这不能怪我,因为这种在我脑海中根深蒂固的可以称之为习惯的东西,就像是酒液灌入人体后分解的那些无孔不入的酒精一样让人摆脱不了。
不知道过了多久,窗外的云层也黑了下来,而那道一直打在我身上的痴迷目光也消失了。我再次放下报纸看过去,入眼的是他安静的睡脸。
他就像一只拼命想把自己埋藏在黑暗中的小动物一样微微蜷缩在座椅上,睡着的表情很安详,让我有了一种一直这样看下去也不错的想法。

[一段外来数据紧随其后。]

lemma wf_threshold:
  fixes x :: "'a \<Rightarrow> real"
  assumes fin: "finite N" and a: "0 < a" and deficit: "a < (\<Sum>w\<in>N. 1 - x w)"
    and x: "\<And>w. w \<in> N \<Longrightarrow> 0 \<le> x w \<and> x w \<le> 1"
  defines "L \<equiv> THE L. (\<Sum>w\<in>N. max 0 (L - x w)) = a"
  shows "(\<Sum>w\<in>N. max 0 (L - x w)) = a" and "L \<le> 1"
proof -
  define \<phi> where "\<phi> L = (\<Sum>w\<in>N. max 0 (L - x w))" for L
  have "\<phi> 0 = 0" unfolding \<phi>_def using x by (intro sum.neutral) auto
  moreover have "\<phi> 1 = (\<Sum>w\<in>N. 1 - x w)" unfolding \<phi>_def using x by (intro sum.cong) auto
  moreover have "continuous_on {0..1} \<phi>" unfolding \<phi>_def[abs_def] by (intro continuous_intros)
  ultimately obtain L0 where L0: "0 \<le> L0" "L0 \<le> 1" "\<phi> L0 = a"
    using IVT'[of \<phi> 0 a 1] a deficit by auto
  have strict: "\<phi> L1 < \<phi> L2" if "L1 < L2" and L1: "\<phi> L1 = a" for L1 L2
  proof -
    have "\<exists>w\<in>N. 0 < L1 - x w"
    proof (rule ccontr)
      assume "\<not> (\<exists>w\<in>N. 0 < L1 - x w)"
      then have "\<phi> L1 = 0" unfolding \<phi>_def by (intro sum.neutral) auto
      then show False using L1 a by simp
    qed
    then obtain w where w: "w \<in> N" "0 < L1 - x w" by blast
    show ?thesis unfolding \<phi>_def
    proof (rule sum_strict_mono_ex1[OF fin])
      show "\<forall>w\<in>N. max 0 (L1 - x w) \<le> max 0 (L2 - x w)" using \<open>L1 < L2\<close> by auto
      show "\<exists>w\<in>N. max 0 (L1 - x w) < max 0 (L2 - x w)" using \<open>L1 < L2\<close> w by (intro bexI) auto
    qed
  qed
  have "L' = L0" if "\<phi> L' = a" for L'
    using strict[of L0 L'] strict[of L' L0] L0 that by (cases L' L0 rule: linorder_cases) auto
  then have "L = L0" unfolding L_def \<phi>_def[symmetric] using L0(3) by blast
  then show "(\<Sum>w\<in>N. max 0 (L - x w)) = a" "L \<le> 1" using L0 unfolding \<phi>_def by auto
qed

context
  fixes x :: "'a \<Rightarrow> real" and N :: "'a set" and a :: real
  assumes fin: "finite N" and a: "0 \<le> a" and bounded: "\<And>w. w \<in> N \<Longrightarrow> 0 \<le> x w \<and> x w \<le> 1"
begin
lemma s_inv_map_s_map:
  assumes g: "g \<in> uni_mats n"
  shows "s_inv_map n q \<alpha> (s_map n q \<alpha> g) = g"
proof -
  let ?c = "\<alpha> - \<alpha> ^ q" and ?A = "\<alpha> \<cdot>\<^sub>m 1\<^sub>m n - \<alpha> ^ q \<cdot>\<^sub>m g"
  let ?B = "mat_inv ?A"
  note A = s_map_denominator(1,2)[OF g] and gB = s_map_denominator(3)[OF g]
  have gc: "g \<in> carrier_mat n n" by (rule uni_mats_carrier[OF g])
  have B: "?B \<in> carrier_mat n n" by (rule mat_inv_carrier[OF A])
  have c: "?c \<noteq> 0" using not_fixed by simp
  have N: "g - 1\<^sub>m n \<in> carrier_mat n n" using gc by simp
  have "1\<^sub>m n + \<alpha> ^ q \<cdot>\<^sub>m s_map n q \<alpha> g = ?A * ?B + (\<alpha> ^ q \<cdot>\<^sub>m (g - 1\<^sub>m n)) * ?B"
    unfolding s_map_def mult_mat_inv[OF A] using N B by (simp add: mult_smult_assoc_mat[of _ n n _ n])
  also have "\<dots> = (?A + \<alpha> ^ q \<cdot>\<^sub>m (g - 1\<^sub>m n)) * ?B"
    by (rule add_mult_distrib_mat[symmetric]) (use A N B in auto)
  also have "?A + \<alpha> ^ q \<cdot>\<^sub>m (g - 1\<^sub>m n) = ?c \<cdot>\<^sub>m 1\<^sub>m n"
    using gc by (auto intro!: eq_matI simp: algebra_simps)
  finally have denominator: "1\<^sub>m n + \<alpha> ^ q \<cdot>\<^sub>m s_map n q \<alpha> g = ?c \<cdot>\<^sub>m ?B"
    using B by (simp add: mult_smult_assoc_mat[of _ n n _ n])
  have "\<alpha> \<cdot>\<^sub>m s_map n q \<alpha> g + 1\<^sub>m n = (\<alpha> \<cdot>\<^sub>m (g - 1\<^sub>m n)) * ?B + ?A * ?B"
    unfolding s_map_def mult_mat_inv[OF A] using N B by (simp add: mult_smult_assoc_mat[of _ n n _ n])
  also have "\<dots> = (\<alpha> \<cdot>\<^sub>m (g - 1\<^sub>m n) + ?A) * ?B"
    by (rule add_mult_distrib_mat[symmetric]) (use A N B in auto)
  also have "\<alpha> \<cdot>\<^sub>m (g - 1\<^sub>m n) + ?A = ?c \<cdot>\<^sub>m g"
    using gc by (auto intro!: eq_matI simp: algebra_simps)
  finally have numerator: "\<alpha> \<cdot>\<^sub>m s_map n q \<alpha> g + 1\<^sub>m n = ?c \<cdot>\<^sub>m (g * ?B)"
    using gc B by (simp add: mult_smult_assoc_mat[of _ n n _ n])
  have "s_inv_map n q \<alpha> (s_map n q \<alpha> g) = mat_inv (?c \<cdot>\<^sub>m ?B) * (?c \<cdot>\<^sub>m (g * ?B))"
    unfolding s_inv_map_def denominator numerator ..
  also have "mat_inv (?c \<cdot>\<^sub>m ?B) = (1 / ?c) \<cdot>\<^sub>m ?A"
    using mat_inv_smult[OF B det_mat_inv_nonzero[OF A] c] by (simp add: mat_inv_mat_inv[OF A])
  also have "(1 / ?c) \<cdot>\<^sub>m ?A * (?c \<cdot>\<^sub>m (g * ?B)) = ?A * (?B * g)"
    using A gc B c by (simp add: smult_mult_smult_mat gB one_smult_mat)
  also have "\<dots> = (?A * ?B) * g" using A gc B by (simp add: assoc_mult_mat[of _ n n _ n _ n])
  also have "\<dots> = g" using gc by (simp add: mult_mat_inv[OF A])
  finally show ?thesis .
qed

lemma s_inv_map_nil_mats:
  assumes x: "x \<in> nil_mats n"
  shows "s_inv_map n q \<alpha> x \<in> uni_mats n" and "s_map n q \<alpha> (s_inv_map n q \<alpha> x) = x"
proof -
  let ?c = "\<alpha> - \<alpha> ^ q" and ?E = "1\<^sub>m n + \<alpha> ^ q \<cdot>\<^sub>m x" and ?y = "s_inv_map n q \<alpha> x"
  let ?C = "mat_inv ?E"
  have c: "?c \<noteq> 0" using not_fixed by simp
  have xc: "x \<in> carrier_mat n n" using x unfolding nil_mats_def by blast
  have E: "?E \<in> carrier_mat n n" "det ?E \<noteq> 0" using xc det_one_plus_smult_nil_mats[OF x] by simp_all
  have C: "?C \<in> carrier_mat n n" by (rule mat_inv_carrier[OF E])
  have y: "?y \<in> carrier_mat n n" unfolding s_inv_map_def using C xc by simp
  note xC = mat_inv_one_plus_smult_nil_mats_commute[OF x]
  have "?c \<cdot>\<^sub>m (x * ?C) \<in> nil_mats n" by (rule nil_mats_smult[OF nil_mats_mult_commute[OF x C xC]])
  then have "?y - 1\<^sub>m n \<in> nil_mats n" by (simp only: s_inv_map_minus_one[OF x])
  then show "?y \<in> uni_mats n" unfolding uni_mats_def using y by blast
  have "s_map n q \<alpha> ?y = (?c \<cdot>\<^sub>m (x * ?C)) * mat_inv (?c \<cdot>\<^sub>m ?C)"
    unfolding s_map_def s_inv_map_minus_one[OF x] scalar_minus_smult_s_inv_map[OF x] ..
  also have "mat_inv (?c \<cdot>\<^sub>m ?C) = (1 / ?c) \<cdot>\<^sub>m ?E"
    using mat_inv_smult[OF C det_mat_inv_nonzero[OF E] c] by (simp add: mat_inv_mat_inv[OF E])
  also have "(?c \<cdot>\<^sub>m (x * ?C)) * ((1 / ?c) \<cdot>\<^sub>m ?E) = x * (?C * ?E)"
    using C xc E c by (simp add: smult_mult_smult_mat one_smult_mat assoc_mult_mat[of _ n n _ n _ n])
  also have "\<dots> = x" using xc by (simp add: mat_inv_mult[OF E])
  finally show "s_map n q \<alpha> ?y = x" .
qed
(* For integers $n\ge1$, $\alpha\ge0$ and $a\ne b$, define $$T_n(a,b,\alpha)=\int_{[0,\infty)^n}\prod_{i=1}^n(a-y_i)(b-y_i)^{\alpha}e^{-y_i}y_i^2\,\Delta_n^2(\mathbf{y})\,dy_1\cdots dy_n.$$ Then $$T_n(a,b,\alpha)=\frac{(-1)^{n+\alpha(n+\alpha)}\widetilde{\mathcal{K}}_{n,\alpha}}{(b-a)^{\alpha}}\det\Big[L^{(2)}_{n+i-1}(a)\;\;\;L^{(j)}_{n+i+1-j}(b)\Big]_{\substack{i=1,\dots,\alpha+1\\ j=2,\dots,\alpha+1}},\qquad \widetilde{\mathcal{K}}_{n,\alpha}=\frac{\prod_{j=1}^{\alpha+1}(n+j-1)!\,\prod_{j=0}^{n-1}(j+1)!\,(j+2)!}{\prod_{j=0}^{\alpha-1}j!}.$$
   Context: $\Delta_n(\mathbf{y})=\prod_{1\le i<k\le n}(y_k-y_i)$. $L^{(\rho)}_M(z)=\frac{(\rho+1)_M}{M!}\sum_{j=0}^M\frac{(-M)_j}{(\rho+1)_j}\frac{z^j}{j!}$ is the generalized Laguerre polynomial. Empty products equal $1$. $\det[A_i\;\;B_{i,j}]_{i=1,\dots,\alpha+1;\,j=2,\dots,\alpha+1}$ denotes the determinant of the $(\alpha+1)\times(\alpha+1)$ matrix with first column $(A_i)$ and $j$-th column $(B_{i,j})$ for $j=2,\dots,\alpha+1$. *)

theory Defs
  imports "HOL-Analysis.Analysis"
begin

text \<open>Generalized Laguerre polynomial L^{(rho)}_M(z), with integer degree M;
  by the standard convention L_M = 0 for M < 0.\<close>
definition laguerre :: "real \<Rightarrow> int \<Rightarrow> real \<Rightarrow> real" where
  "laguerre \<rho> M z = (if M < 0 then 0 else
     pochhammer (\<rho> + 1) (nat M) / fact (nat M) *
     (\<Sum>j = 0..nat M. pochhammer (- real (nat M)) j / pochhammer (\<rho> + 1) j * z ^ j / fact j))"
lemma diversity_maximizing_if_Zmu_const_on_msupp:
  fixes X :: "'a::metric_space set" and f :: "'a \<Rightarrow> 'b::{real_inner,complete_space}"
  assumes X: "compact X" and f: "sqrt_isometric_embedding X f" and M: "M \<in> borel_prob_measures X"
    and C: "0 < C" and eq: "\<And>x. x \<in> msupp M \<Longrightarrow> Zmu M x = C"
    and ge: "\<And>x. x \<in> X \<Longrightarrow> C \<le> Zmu M x"
  shows "diversity_maximizing X M \<and> max_diversity X = 1 / C"
proof -
  interpret prob_space M
    using borel_prob_measuresD(1)[OF M] .
  have "AE y in M. Zmu M y = C"
    using AE_eq_if_eq_on_msupp[OF X M continuous_on_Zmu[OF M]] eq ge by blast
  then have W_eq: "W_inner M M = C"
    unfolding W_inner_def
    using integral_cong_AE[of "Zmu M" M "\<lambda>_. C"]
      borel_prob_measures_measurable[OF M continuous_on_Zmu[OF M]]
    by (simp add: prob_space)
  have energy_ge: "C \<le> W_inner N N" if N: "N \<in> borel_prob_measures X" for N
  proof -
    interpret N: prob_space N
      using borel_prob_measuresD(1)[OF N] .
    have "C \<le> W_inner M N"
      unfolding W_inner_def using integrable_Zmu[OF M N] ge borel_prob_measuresD(3)[OF N]
      by (intro N.integral_ge_const AE_I2) auto
    then show ?thesis
      using two_W_inner_le[OF X f M N] W_eq by linarith
  qed
  then have "max_diversity X = 1 / C"
    unfolding max_diversity_def
  proof (intro cSup_eq_maximum)
    show "1 / C \<in> (\<lambda>N. 1 / W_inner N N) ` borel_prob_measures X"
      using M W_eq by force
    fix z
    assume "z \<in> (\<lambda>N. 1 / W_inner N N) ` borel_prob_measures X"
    then obtain N where N: "N \<in> borel_prob_measures X" and z: "z = 1 / W_inner N N"
      by blast
    show "z \<le> 1 / C"
      unfolding z using energy_ge[OF N] C by (intro divide_left_mono mult_pos_pos) auto
  qed
  then show ?thesis
    using M W_eq by (simp add: diversity_maximizing_def)
qed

他的皮肤很白,睫毛很长,鼻梁很好看。说来有些惭愧,这是我第一次那么近、那么认真地好好看他。八年前等到我想去好好看他的时候,他却离开了我;八年后我看到本以为死去的他活生生地坐在我面前的时候,我被
狂喜冲昏了头脑。现在这么安静的时刻,足够我好好看他了。
然后我叫了床毯子,披在他的身上。
似乎在睡梦中感受到了别样的温暖,他无知觉地靠近我,蹭了蹭。
我摸了摸口袋里的绒布小盒子。
我觉得这样的状态很好。
下飞机后他说想去上个厕所,行李有人会派送到我预定的酒店去,于是我便站在出机口等他。
站了一会儿我后悔把本来随身的墨镜塞行李箱里了。
荷兰的姑娘还是蛮富有浪漫情怀的,不到十分钟我已经看到不下十个女孩儿或者男人在周围赖着不走对着我发送电波了,根本不管我想不想接收。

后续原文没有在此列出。